-- Opening Marker --

(* Let $\mathcal T$ be a text, let $\alpha$ be right-maximal in $\mathcal T$, and let $\mathtt{st\text{-}lex}[b,e]$ be the range containing the text positions $i\in\mathtt{st\text{-}lex}$ such that $\mathcal T[1,i]$ is suffixed by $\alpha$. Let $C=\{c\in\Sigma: \alpha\cdot c\text{ occurs in }\mathcal T\}$. Then: (a) for $c\in C\setminus\{\min C\}$, if $\mathcal T[j-|\alpha|+1,n]$ is the lexicographically smallest suffix prefixed by $\alpha\cdot c=\mathcal T[j-|\alpha|+1,j+1]$, then $j\in\mathtt{st\text{-}lex}[b,e]$; (b) for $c\in C\setminus\{\max C\}$, if $\mathcal T[j-|\alpha|+1,n]$ is the lexicographically largest suffix prefixed by $\alpha\cdot c=\mathcal T[j-|\alpha|+1,j+1]$, then $j\in\mathtt{st\text{-}lex}[b,e]$.
   Context: A text is a string $\mathcal T\in\Sigma^n$ over an integer alphabet whose last symbol $\mathcal T[n]=\$$ occurs only there and is smallest. A substring $\alpha$ is right-maximal if it is a suffix of $\mathcal T$ or there exist distinct $a,b$ with $\alpha a$, $\alpha b$ substrings of $\mathcal T$. $\mathrm{ISA}[i]$ is the lexicographic rank of suffix $\mathcal T[i,n]$. For $i\ne j$, $\mathrm{rlce}(i,j)$ is the length of the longest common prefix of $\mathcal T[i,n]$ and $\mathcal T[j,n]$. For a permutation $\pi$, $\mathrm{LPF}_\pi[i]=0$ if $\pi(i)=1$, else $\mathrm{LPF}_\pi[i]=\max_{\pi(j)<\pi(i)}\mathrm{rlce}(j,i)$, and $\mathrm{PDA}_\pi=\{i+\mathrm{LPF}_\pi[i]:i\in[n]\}$. Let $\mathtt{st\text{-}lex}^-=\mathrm{PDA}_\pi$ for $\pi(i)=\mathrm{ISA}[i]$ and $\mathtt{st\text{-}lex}^+=\mathrm{PDA}_{\bar\pi}$ for $\bar\pi(i)=n-\mathrm{ISA}[i]+1$. The array $\mathtt{st\text{-}lex}$ lists the set $\{i-1: i\in\mathtt{st\text{-}lex}^-\cup\mathtt{st\text{-}lex}^+\cup\{n+1\}\}$ sorted colexicographically by the prefixes $\mathcal T[1,j]$ ($\mathcal T[1,0]$ being empty). *)

theory Defs
  imports Main "HOL-Library.Sublist" "HOL-Library.List_Lexorder"
begin

text \<open>Texts are lists of naturals; positions are 1-based. T[i] = T ! (i-1).\<close>

definition is_text :: "nat list \<Rightarrow> bool" where
  "is_text T \<longleftrightarrow> T \<noteq> [] \<and> (\<forall>i < length T - 1. last T < T ! i)"

definition suf :: "nat list \<Rightarrow> nat \<Rightarrow> nat list" where
  "suf T i = drop (i - 1) T"

definition right_maximal :: "nat list \<Rightarrow> nat list \<Rightarrow> bool" where
  "right_maximal T \<alpha> \<longleftrightarrow> suffix \<alpha> T \<or>
     (\<exists>a b. a \<noteq> b \<and> sublist (\<alpha> @ [a]) T \<and> sublist (\<alpha> @ [b]) T)"

definition ISA :: "nat list \<Rightarrow> nat \<Rightarrow> nat" where
  "ISA T i = card {j \<in> {1..length T}. suf T j < suf T i} + 1"

definition rlce :: "nat list \<Rightarrow> nat \<Rightarrow> nat \<Rightarrow> nat" where
  "rlce T i j = length (longest_common_prefix (suf T i) (suf T j))"

definition LPF :: "nat list \<Rightarrow> (nat \<Rightarrow> nat) \<Rightarrow> nat \<Rightarrow> nat" where
  "LPF T \<pi> i = (if \<pi> i = 1 then 0
     else Max {rlce T j i | j. j \<in> {1..length T} \<and> \<pi> j < \<pi> i})"

definition PDA :: "nat list \<Rightarrow> (nat \<Rightarrow> nat) \<Rightarrow> nat set" where
  "PDA T \<pi> = {i + LPF T \<pi> i | i. i \<in> {1..length T}}"

definition stlex_minus :: "nat list \<Rightarrow> nat set" where
  "stlex_minus T = PDA T (ISA T)"

definition stlex_plus :: "nat list \<Rightarrow> nat set" where
  "stlex_plus T = PDA T (\<lambda>i. length T - ISA T i + 1)"

definition stlex_set :: "nat list \<Rightarrow> nat set" where
  "stlex_set T = (\<lambda>i. i - 1) ` (stlex_minus T \<union> stlex_plus T \<union> {length T + 1})"

text \<open>The range st-lex[b,e] of positions i in st-lex such that T[1,i] is suffixed by alpha
  (contiguous in the colexicographically sorted array; we represent it by its set of entries).\<close>
definition stlex_range :: "nat list \<Rightarrow> nat list \<Rightarrow> nat set" where
  "stlex_range T \<alpha> = {i \<in> stlex_set T. suffix \<alpha> (take i T)}"

definition right_ext :: "nat list \<Rightarrow> nat list \<Rightarrow> nat set" where
  "right_ext T \<alpha> = {c. sublist (\<alpha> @ [c]) T}"

end

theory Submission
  imports Defs
begin

text \<open>Let \<open>i\<close> be the start of the lexicographically smallest suffix prefixed by \<open>\<alpha>c\<close>, with
  \<open>c \<noteq> min C\<close>. Every suffix of smaller rank lacks the prefix \<open>\<alpha>c\<close>, so it shares at most \<open>|\<alpha>|\<close>
  symbols with suffix \<open>i\<close>; and a suffix prefixed by \<open>\<alpha>\<cdot>min C\<close> has smaller rank and shares exactly
  \<open>|\<alpha>|\<close> symbols. Hence \<open>LPF[i] = |\<alpha>|\<close> for the order \<open>ISA\<close>, and \<open>i + |\<alpha>| = j + 1\<close> lies in
  \<open>st-lex\<^sup>-\<close>. The largest suffix and \<open>max C\<close> give the same for the reversed order and \<open>st-lex\<^sup>+\<close>.\<close>

lemma length_longest_common_prefix_append_Cons:
  "a \<noteq> b \<Longrightarrow> length (longest_common_prefix (p @ a # xs) (p @ b # ys)) = length p"
  by (induction p) auto

lemma prefix_if_le_length_longest_common_prefix:
  assumes "prefix p ys" and "length p \<le> length (longest_common_prefix xs ys)"
  shows "prefix p xs"
proof -
  have "prefix p (longest_common_prefix xs ys)"
    using assms longest_common_prefix_prefix2 prefix_length_prefix by blast
  then show ?thesis
    using longest_common_prefix_prefix1 prefix_order.trans by blast
qed

lemma append_Cons_less_append_Cons_iff:
  "a \<noteq> b \<Longrightarrow> p @ a # xs < p @ b # ys \<longleftrightarrow> a < (b :: 'a :: linorder)"
  by (induction p) auto

lemma ISA_less_iff:
  assumes "i \<in> {1..length T}" "k \<in> {1..length T}"
  shows "ISA T k < ISA T i \<longleftrightarrow> suf T k < suf T i"
proof
  assume "suf T k < suf T i"
  then have "{l \<in> {1..length T}. suf T l < suf T k} \<subset> {l \<in> {1..length T}. suf T l < suf T i}"
    using assms by (auto intro: less_trans)
  then show "ISA T k < ISA T i"
    unfolding ISA_def by (simp add: psubset_card_mono)
next
  assume "ISA T k < ISA T i"
  moreover have "ISA T i \<le> ISA T k" if "suf T i \<le> suf T k"
  proof -
    have "{l \<in> {1..length T}. suf T l < suf T i} \<subseteq> {l \<in> {1..length T}. suf T l < suf T k}"
      using that by (auto intro: less_le_trans)
    then show ?thesis
      unfolding ISA_def by (simp add: card_mono)
  qed
  ultimately show "suf T k < suf T i"
    by fastforce
qed

lemma ISA_le_length:
  assumes "i \<in> {1..length T}"
  shows "ISA T i \<le> length T"
proof -
  have "card {l \<in> {1..length T}. suf T l < suf T i} \<le> card ({1..length T} - {i})"
    by (intro card_mono) auto
  with assms show ?thesis
    unfolding ISA_def by (simp; linarith)
qed

lemma reversed_ISA_less_iff:
  assumes "i \<in> {1..length T}" "k \<in> {1..length T}"
  shows "length T - ISA T k + 1 < length T - ISA T i + 1 \<longleftrightarrow> suf T i < suf T k"
  using ISA_less_iff[OF assms(2,1)] ISA_le_length[OF assms(1)] ISA_le_length[OF assms(2)]
  by linarith

lemma LPF_eq_length_if_no_preceding_occurrence:
  assumes "\<forall>k. 1 \<le> \<pi> k"
    and i: "prefix (\<alpha> @ [c]) (suf T i)"
    and q: "q \<in> {1..length T}" "\<pi> q < \<pi> i" "prefix (\<alpha> @ [d]) (suf T q)" "d \<noteq> c"
    and no_preceding: "\<forall>k \<in> {1..length T}. \<pi> k < \<pi> i \<longrightarrow> \<not> prefix (\<alpha> @ [c]) (suf T k)"
  shows "LPF T \<pi> i = length \<alpha>"
proof -
  let ?S = "{rlce T k i | k. k \<in> {1..length T} \<and> \<pi> k < \<pi> i}"
  have "\<pi> i \<noteq> 1"
    using assms(1) q(2) by (metis not_less)
  have "rlce T q i = length \<alpha>"
    using i q(3,4) length_longest_common_prefix_append_Cons
    by (fastforce simp: rlce_def prefix_def)
  then have "length \<alpha> \<in> ?S"
    using q(1,2) by force
  moreover have "rlce T k i \<le> length \<alpha>" if "k \<in> {1..length T}" "\<pi> k < \<pi> i" for k
    using no_preceding that prefix_if_le_length_longest_common_prefix[OF i, of "suf T k"]
    by (fastforce simp: rlce_def)
  ultimately have "Max ?S = length \<alpha>"
    by (intro Max_eqI) auto
  with \<open>\<pi> i \<noteq> 1\<close> show ?thesis
    unfolding LPF_def by simp
qed

lemma finite_right_ext: "finite (right_ext T \<alpha>)"
  by (rule finite_subset[of _ "set T"]) (auto simp: right_ext_def sublist_def)

lemma right_ext_occurrence:
  assumes "c \<in> right_ext T \<alpha>"
  obtains q where "q \<in> {1..length T}" "prefix (\<alpha> @ [c]) (suf T q)"
proof -
  obtain p s where "T = p @ (\<alpha> @ [c]) @ s"
    using assms by (auto simp: right_ext_def sublist_def)
  then show ?thesis
    by (intro that[of "length p + 1"]) (auto simp: suf_def)
qed

lemma smallest_occurrence_in_stlex_minus:
  assumes i: "i \<in> {1..length T}" "prefix (\<alpha> @ [c]) (suf T i)"
    and smallest: "\<forall>q \<in> {1..length T}. prefix (\<alpha> @ [c]) (suf T q) \<longrightarrow> suf T i \<le> suf T q"
    and c: "c \<in> right_ext T \<alpha> - {Min (right_ext T \<alpha>)}"
  shows "i + length \<alpha> \<in> stlex_minus T"
proof -
  let ?d = "Min (right_ext T \<alpha>)"
  have "?d \<in> right_ext T \<alpha>" "?d < c"
    using c finite_right_ext by (auto intro: Min_in simp: order_le_neq_trans)
  then obtain q where q: "q \<in> {1..length T}" "prefix (\<alpha> @ [?d]) (suf T q)"
    by (auto elim: right_ext_occurrence)
  have "suf T q < suf T i"
    using q(2) i(2) \<open>?d < c\<close>
    by (auto simp: prefix_def append_Cons_less_append_Cons_iff)
  then have "ISA T q < ISA T i"
    using ISA_less_iff[OF i(1) q(1)] by simp
  moreover have "\<not> prefix (\<alpha> @ [c]) (suf T k)" if "k \<in> {1..length T}" "ISA T k < ISA T i" for k
    using smallest that ISA_less_iff[OF i(1) that(1)] by (meson leD)
  moreover have "\<forall>k. 1 \<le> ISA T k"
    by (simp add: ISA_def)
  ultimately have "LPF T (ISA T) i = length \<alpha>"
    using q \<open>?d < c\<close> i(2) LPF_eq_length_if_no_preceding_occurrence[of "ISA T" \<alpha> c T i q ?d]
    by blast
  with i(1) show ?thesis
    unfolding stlex_minus_def PDA_def by force
qed

lemma largest_occurrence_in_stlex_plus:
  assumes i: "i \<in> {1..length T}" "prefix (\<alpha> @ [c]) (suf T i)"
    and largest: "\<forall>q \<in> {1..length T}. prefix (\<alpha> @ [c]) (suf T q) \<longrightarrow> suf T q \<le> suf T i"
    and c: "c \<in> right_ext T \<alpha> - {Max (right_ext T \<alpha>)}"
  shows "i + length \<alpha> \<in> stlex_plus T"
proof -
  let ?d = "Max (right_ext T \<alpha>)"
  let ?\<pi> = "\<lambda>i. length T - ISA T i + 1"
  have "?d \<in> right_ext T \<alpha>" "c < ?d"
    using c finite_right_ext by (auto intro: Max_in simp: order_le_neq_trans)
  then obtain q where q: "q \<in> {1..length T}" "prefix (\<alpha> @ [?d]) (suf T q)"
    by (auto elim: right_ext_occurrence)
  have "suf T i < suf T q"
    using q(2) i(2) \<open>c < ?d\<close>
    by (auto simp: prefix_def append_Cons_less_append_Cons_iff)
  then have "?\<pi> q < ?\<pi> i"
    using reversed_ISA_less_iff[OF i(1) q(1)] by simp
  moreover have "\<not> prefix (\<alpha> @ [c]) (suf T k)" if "k \<in> {1..length T}" "?\<pi> k < ?\<pi> i" for k
    using largest that reversed_ISA_less_iff[OF i(1) that(1)] by (meson leD)
  moreover have "\<forall>k. 1 \<le> ?\<pi> k"
    by simp
  ultimately have "LPF T ?\<pi> i = length \<alpha>"
    using q \<open>c < ?d\<close> i(2) LPF_eq_length_if_no_preceding_occurrence[of ?\<pi> \<alpha> c T i q ?d]
    by blast
  with i(1) show ?thesis
    unfolding stlex_plus_def PDA_def by force
qed

lemma occurrence_ending_at:
  assumes "length \<alpha> \<le> j" "j + 1 \<le> length T"
    and occ: "take (length \<alpha> + 1) (drop (j - length \<alpha>) T) = \<alpha> @ [c]"
  shows "j + 1 - length \<alpha> \<in> {1..length T}"
    and "prefix (\<alpha> @ [c]) (suf T (j + 1 - length \<alpha>))"
    and "suffix \<alpha> (take j T)"
proof -
  show "j + 1 - length \<alpha> \<in> {1..length T}"
    using assms by auto
  show "prefix (\<alpha> @ [c]) (suf T (j + 1 - length \<alpha>))"
    using assms(1) occ
    by (metis Suc_diff_le add.commute diff_Suc_1 plus_1_eq_Suc suf_def take_is_prefix)
  have "take j T = take (j - length \<alpha>) T @ take (length \<alpha>) (drop (j - length \<alpha>) T)"
    using assms(1) by (metis le_add_diff_inverse2 take_add)
  also have "take (length \<alpha>) (drop (j - length \<alpha>) T) = \<alpha>"
    using occ by (metis append_eq_conv_conj le_add1 min.absorb1 take_take)
  finally show "suffix \<alpha> (take j T)"
    by (simp add: suffix_def)
qed

lemma in_stlex_rangeI:
  "j + 1 \<in> stlex_minus T \<union> stlex_plus T \<Longrightarrow> suffix \<alpha> (take j T) \<Longrightarrow> j \<in> stlex_range T \<alpha>"
  unfolding stlex_range_def stlex_set_def by (auto intro!: image_eqI[of _ _ "j + 1"])

theorem corollary26:
  fixes T \<alpha> :: "nat list"
  assumes "is_text T"
    and "right_maximal T \<alpha>"
  shows
   "(\<forall>c j. c \<in> right_ext T \<alpha> - {Min (right_ext T \<alpha>)} \<longrightarrow>
       length \<alpha> \<le> j \<longrightarrow> j + 1 \<le> length T \<longrightarrow>
       take (length \<alpha> + 1) (drop (j - length \<alpha>) T) = \<alpha> @ [c] \<longrightarrow>
       (\<forall>q \<in> {1..length T}. prefix (\<alpha> @ [c]) (suf T q) \<longrightarrow>
           suf T (j + 1 - length \<alpha>) \<le> suf T q) \<longrightarrow>
       j \<in> stlex_range T \<alpha>)
  \<and> (\<forall>c j. c \<in> right_ext T \<alpha> - {Max (right_ext T \<alpha>)} \<longrightarrow>
       length \<alpha> \<le> j \<longrightarrow> j + 1 \<le> length T \<longrightarrow>
       take (length \<alpha> + 1) (drop (j - length \<alpha>) T) = \<alpha> @ [c] \<longrightarrow>
       (\<forall>q \<in> {1..length T}. prefix (\<alpha> @ [c]) (suf T q) \<longrightarrow>
           suf T q \<le> suf T (j + 1 - length \<alpha>)) \<longrightarrow>
       j \<in> stlex_range T \<alpha>)"
proof (intro conjI allI impI)
  fix c j
  assume c: "c \<in> right_ext T \<alpha> - {Min (right_ext T \<alpha>)}" and j: "length \<alpha> \<le> j" "j + 1 \<le> length T"
    and occ: "take (length \<alpha> + 1) (drop (j - length \<alpha>) T) = \<alpha> @ [c]"
    and smallest: "\<forall>q \<in> {1..length T}. prefix (\<alpha> @ [c]) (suf T q) \<longrightarrow>
       suf T (j + 1 - length \<alpha>) \<le> suf T q"
  note i = occurrence_ending_at[OF j occ]
  have "j + 1 \<in> stlex_minus T"
    using smallest_occurrence_in_stlex_minus[OF i(1,2) smallest c] j(1) by simp
  with i(3) show "j \<in> stlex_range T \<alpha>"
    by (blast intro: in_stlex_rangeI)
next
  fix c j
  assume c: "c \<in> right_ext T \<alpha> - {Max (right_ext T \<alpha>)}" and j: "length \<alpha> \<le> j" "j + 1 \<le> length T"
    and occ: "take (length \<alpha> + 1) (drop (j - length \<alpha>) T) = \<alpha> @ [c]"
    and largest: "\<forall>q \<in> {1..length T}. prefix (\<alpha> @ [c]) (suf T q) \<longrightarrow>
       suf T q \<le> suf T (j + 1 - length \<alpha>)"
  note i = occurrence_ending_at[OF j occ]
  have "j + 1 \<in> stlex_plus T"
    using largest_occurrence_in_stlex_plus[OF i(1,2) largest c] j(1) by simp
  with i(3) show "j \<in> stlex_range T \<alpha>"
    by (blast intro: in_stlex_rangeI)
qed

end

-- Closing Marker --

ACTIVITY: Above are the records; from them, give again exactly the lines from the one containing "using assms(1) q(2) by (metis not_less)" to the one containing "using assms by (auto simp: right_ext_def", both lines included, and nothing more.

TASK RESULT:
    using assms(1) q(2) by (metis not_less)
  have "rlce T q i = length \<alpha>"
    using i q(3,4) length_longest_common_prefix_append_Cons
    by (fastforce simp: rlce_def prefix_def)
  then have "length \<alpha> \<in> ?S"
    using q(1,2) by force
  moreover have "rlce T k i \<le> length \<alpha>" if "k \<in> {1..length T}" "\<pi> k < \<pi> i" for k
    using no_preceding that prefix_if_le_length_longest_common_prefix[OF i, of "suf T k"]
    by (fastforce simp: rlce_def)
  ultimately have "Max ?S = length \<alpha>"
    by (intro Max_eqI) auto
  with \<open>\<pi> i \<noteq> 1\<close> show ?thesis
    unfolding LPF_def by simp
qed

lemma finite_right_ext: "finite (right_ext T \<alpha>)"
  by (rule finite_subset[of _ "set T"]) (auto simp: right_ext_def sublist_def)

lemma right_ext_occurrence:
  assumes "c \<in> right_ext T \<alpha>"
  obtains q where "q \<in> {1..length T}" "prefix (\<alpha> @ [c]) (suf T q)"
proof -
  obtain p s where "T = p @ (\<alpha> @ [c]) @ s"
    using assms by (auto simp: right_ext_def sublist_def)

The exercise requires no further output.